Multiplier les prairies à flore diversifiée. Tel est l’objectif d’une vingtaine d’éleveurs de l’Indre, regroupés au sein d’un GIEE « agriculture durable en Boischaut Sud ». Accompagnés par l’Adar-Civam, Indre Nature et Blandine Grillon, botaniste indépendante, ils essaient d’adapter leurs pratiques pour mieux résister au changement climatique et augmenter leur autonomie. « La prairie permanente est la compagne de route de l’éleveur, il faut en prendre soin, explique Blandine Grillon. Il faut s’habituer à des prairies grillées en juillet-août, et éviter le pâturage à cette période. Néanmoins, quand la flore est suffisamment diversifiée, à la moindre pluie, la prairie reprend de la vigueur ». Philippe Plantureux, éleveur de 50 mères charolaises et limousines à Velles (80 ha de prairie et 20 ha de céréales), est curieux de cette méthode. « J’ai acheté des semences pour ressemer des prairies avec du dactyle, de la fétuque et du trèfle. Mais, c’est coûteux ! La méthode des fleurs sauvages et locales nécessite très peu d’investissement, donc autant la tester ».

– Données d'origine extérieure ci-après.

lemma integral_grid_cells_tendsto:
  fixes f :: "real \<Rightarrow> real"
  assumes f: "f absolutely_integrable_on {0..1}" and A: "closed A" "A \<subseteq> {0..1}"
  shows "(\<lambda>n. \<Sum>j<n. integral (grid_cell A n j) f) \<longlonglongrightarrow> integral A f" "f integrable_on A"
proof -
  have fi: "f integrable_on {0..1}" and fa: "(\<lambda>x. norm (f x)) integrable_on {0..1}"
    using f by (auto simp: absolutely_integrable_on_def)
  have cell: "(\<lambda>x. indicator (grid_cell A n j) x * f x) integrable_on {0..1}"
    "integral {0..1} (\<lambda>x. indicator (grid_cell A n j) x * f x) = integral (grid_cell A n j) f"
    if "j < n" for n j
    using grid_cell_subset_unit[OF A that] grid_cell_is_interval[of A n j]
      indicator_mult_integral_subinterval[OF fi] by auto
  text \<open>Off the null set \<open>\<rat>\<close> the cells converge pointwise to \<open>A\<close>, dominated by \<open>|f|\<close>.\<close>
  define g where "g n x = (if x \<in> \<rat> then 0 else \<Sum>j<n. indicator (grid_cell A n j) x * f x)" for n x
  define g0 where "g0 x = (if x \<in> \<rat> then 0 else indicator A x * f x)" for x
  have g_spike: "g n x = (\<Sum>j<n. indicator (grid_cell A n j) x * f x)" if "x \<in> {0..1} - \<rat>" for n x
    using that by (simp add: g_def)
  have sum_int: "(\<lambda>x. \<Sum>j<n. indicator (grid_cell A n j) x * f x) integrable_on {0..1}" for n
    by (rule integrable_sum) (auto intro: cell)
  have int_g: "g n integrable_on {0..1}" for n
    by (rule integrable_spike[OF sum_int negligible_Rats]) (use g_spike in auto)
  have val_g: "integral {0..1} (g n) = (\<Sum>j<n. integral (grid_cell A n j) f)" for n
  proof -
    have "integral {0..1} (g n) = integral {0..1} (\<lambda>x. \<Sum>j<n. indicator (grid_cell A n j) x * f x)"
      by (rule integral_spike[OF negligible_Rats]) (use g_spike in auto)
    also have "\<dots> = (\<Sum>j<n. integral {0..1} (\<lambda>x. indicator (grid_cell A n j) x * f x))"
      by (rule Henstock_Kurzweil_Integration.integral_sum) (auto intro: cell)
    also have "\<dots> = (\<Sum>j<n. integral (grid_cell A n j) f)"
      by (rule sum.cong) (auto simp: cell)
    finally show ?thesis .
  qed
  have restrict: "(\<lambda>x. if x \<in> A then f x else 0) x = g0 x" if "x \<in> {0..1} - \<rat>" for x
    using that by (simp add: g0_def indicator_def)
  have le: "norm (g n x) \<le> norm (f x)" if "x \<in> {0..1}" for n x
  proof (cases "x \<notin> \<rat> \<and> n > 0")
    case True
    then show ?thesis
      using that sum_indicator_grid_cells[OF A, of x n]
      by (simp add: g_def indicator_def abs_mult flip: sum_distrib_right)
  qed (auto simp: g_def)
  have conv: "(\<lambda>n. g n x) \<longlonglongrightarrow> g0 x" if "x \<in> {0..1}" for x
  proof (cases "x \<in> \<rat>")
    case False
    have "eventually (\<lambda>n. g n x = g0 x) sequentially"
      using sum_indicator_grid_cells_eventually[OF A False that]
      by eventually_elim (simp add: g_def g0_def False flip: sum_distrib_right)
    then show ?thesis by (rule tendsto_eventually)
  qed (simp add: g_def g0_def)
  have dc: "g0 integrable_on {0..1}" "(\<lambda>n. integral {0..1} (g n)) \<longlonglongrightarrow> integral {0..1} g0"
    using dominated_convergence[of g "{0..1}" "\<lambda>x. norm (f x)" g0] int_g fa le conv by auto
  have "(\<lambda>x. if x \<in> A then f x else 0) integrable_on {0..1}"
    by (rule integrable_spike[OF dc(1) negligible_Rats]) (use restrict in auto)
  then show "f integrable_on A" using A by (simp add: integrable_restrict_Int Int_absorb2)
  have "integral {0..1} g0 = integral {0..1} (\<lambda>x. if x \<in> A then f x else 0)"
    by (rule integral_spike[OF negligible_Rats]) (use restrict in auto)
  also have "\<dots> = integral A f" unfolding integral_restrict_Int using A by (simp add: Int_absorb2)
  finally show "(\<lambda>n. \<Sum>j<n. integral (grid_cell A n j) f) \<longlonglongrightarrow> integral A f"
    using dc(2) unfolding val_g by simp
qed

lemma integral_closed_nonpos:
  fixes f :: "real \<Rightarrow> real"
  assumes f: "f absolutely_integrable_on {0..1}" and A: "closed A" "A \<subseteq> {0..1}"
    and nonpos: "\<And>a b. a \<in> A \<Longrightarrow> b \<in> A \<Longrightarrow> a \<le> b \<Longrightarrow> integral {a..b} f \<le> 0"
  shows "integral A f \<le> 0"
proof -
  have "integral (grid_cell A n j) f \<le> 0" for n j
  proof (cases "A \<inter> grid_interval n j = {}")
    case False
    note c = grid_cell_nonempty[OF A False]
    show ?thesis unfolding c(1) by (rule nonpos[OF c(2,3,5)])
  qed (simp add: grid_cell_def)
  then have "(\<Sum>j<n. integral (grid_cell A n j) f) \<le> 0" for n
    by (simp add: sum_nonpos)
  then show ?thesis
    using LIMSEQ_le_const2[OF integral_grid_cells_tendsto(1)[OF f A]] by blast
qed

text \<open>The hypothesis \<open>flat\<close> says that the primitive of \<open>f\<close> takes equal values at the two ends of
  every gap of \<open>A\<close>.\<close>
lemma integral_grid_cell_telescope:
  fixes f :: "real \<Rightarrow> real"
  assumes f: "f integrable_on {0..1}" and A: "closed A" "A \<subseteq> {0..1}" and j: "j < n"
    and flat: "\<And>x. x \<in> {0..1} \<Longrightarrow> A \<inter> {..x} \<noteq> {} \<Longrightarrow>
       integral {0..Sup (A \<inter> {..x})} f = integral {0..Inf (A \<inter> {x..})} f"
  shows "integral (grid_cell A n j) f =
    integral {0..Inf (A \<inter> {real (Suc j) / real n..})} f - integral {0..Inf (A \<inter> {real j / real n..})} f"
proof (cases "A \<inter> grid_interval n j = {}")
  case True
  have "real j / real n \<le> real (Suc j) / real n" by (simp add: divide_right_mono)
  then have "A \<inter> {real j / real n..} = A \<inter> {real (Suc j) / real n..}"
    using True by fastforce
  then show ?thesis using True by (simp add: grid_cell_def)
next
  case False
  note c = grid_cell_nonempty[OF A False]
  let ?l = "Inf (A \<inter> {real j / real n..})" and ?r = "Sup (A \<inter> grid_interval n j)"
  let ?x = "real (Suc j) / real n"
  have x01: "?x \<in> {0..1}" using j by (auto simp: divide_le_eq_1)
  have "Sup (A \<inter> {..?x}) = ?r"
  proof (rule cSup_eq_maximum)
    show "?r \<in> A \<inter> {..?x}" using c by auto
    show "y \<le> ?r" if "y \<in> A \<inter> {..?x}" for y
    proof (cases "real j / real n \<le> y")
      case True
      then show ?thesis using that A by (intro unit_Sup_ge) auto
    qed (use c in linarith)
  qed
  moreover have "A \<inter> {..?x} \<noteq> {}" using c by auto
  ultimately have "integral {0..?r} f = integral {0..Inf (A \<inter> {?x..})} f"
    using flat[OF x01] by simp
  moreover have "0 \<le> ?l" using c(4) by (smt (verit) divide_nonneg_nonneg of_nat_0_le_iff)
  then have "integral {?l..?r} f = integral {0..?r} f - integral {0..?l} f"
    using c x01 by (intro integral_combine_from_0[OF f]) auto
  ultimately show ?thesis unfolding c(1) by simp
qed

Jusqu’à 40 espèces différentes

Première étape, identifier une prairie source. Philippe a la chance d’avoir une prairie en bord de rivière, jamais pâturée et sans fertilisation, qu’il fauche au printemps. On y trouve du plantain, du lotier, du trèfle, de la centaurée, de l’oseille, de la vesce, du gaillet jaune, de la houlque laineuse… Au total, une quarantaine d’espèces végétales a été recensée.

Pour la récolte et le semis, il existe plusieurs méthodes. La première testée en 2019 a été adaptée de la méthode suisse « fleur de foin ». Elle consiste à couper du foin en vert. En procédant tôt le matin, les graines restent collées aux tiges. Le foin peut être pressé ou non puis rapidement épandu sur la prairie cible, pour éviter que les semences ne chauffent. En 2020, autre technique, Philippe ne fauche pas la parcelle et la laisse monter à graines. Fin juillet, il passe avec sa moissonneuse-batteuse. « Comme les graines sont très fines, la machine doit être très propre. Je l’avais nettoyée à l’aspirateur », commente Philippe. « Nous avons tout étalé sur une bâche pour faire sortir les nombreux insectes. J’ai laissé sécher le tas, puis je l’ai tamisé. En septembre, quand les conditions étaient propices, j’ai semé les graines à la volée, environ 25-30kg/ha sur une prairie de 0,5 ha, surpâturée où il ne restait pas grand-chose. J’étais un peu décontenancé car je ne savais pas du tout ce que je semais ! ». Résultat deux ans après, Philippe a retrouvé la moitié des espèces présentes dans la prairie source. « C’est très encourageant, souligne la botaniste. Mais, il faut attendre au moins cinq ans que toutes les espèces s’expriment pour tirer des conclusions ». Philippe est d’ores et déjà satisfait. La prairie a bien résisté à la sécheresse de cet été et les vaches qui l’ont pâturée, semblaient rassasiées.

Cependant, ces techniques impliquent une année blanche de récolte de foin sur la parcelle source. Pour éviter cette perte, un éleveur de Charente (1) a inventé une brosseuse, la « Pictagraine », qui ne prélève que les graines. Cette machine est venue récolter les semences en 2022 pour le groupe de l’Indre. Néanmoins, les semences de légumineuses, importantes pour l’apport en protéines, sont souvent basses et donc peu ramassées par l’engin.

(1) Collaboration entre le Conservatoire d'espaces naturels de Poitou-Charentes, Philippe Ardouin et l’Atelier paysan.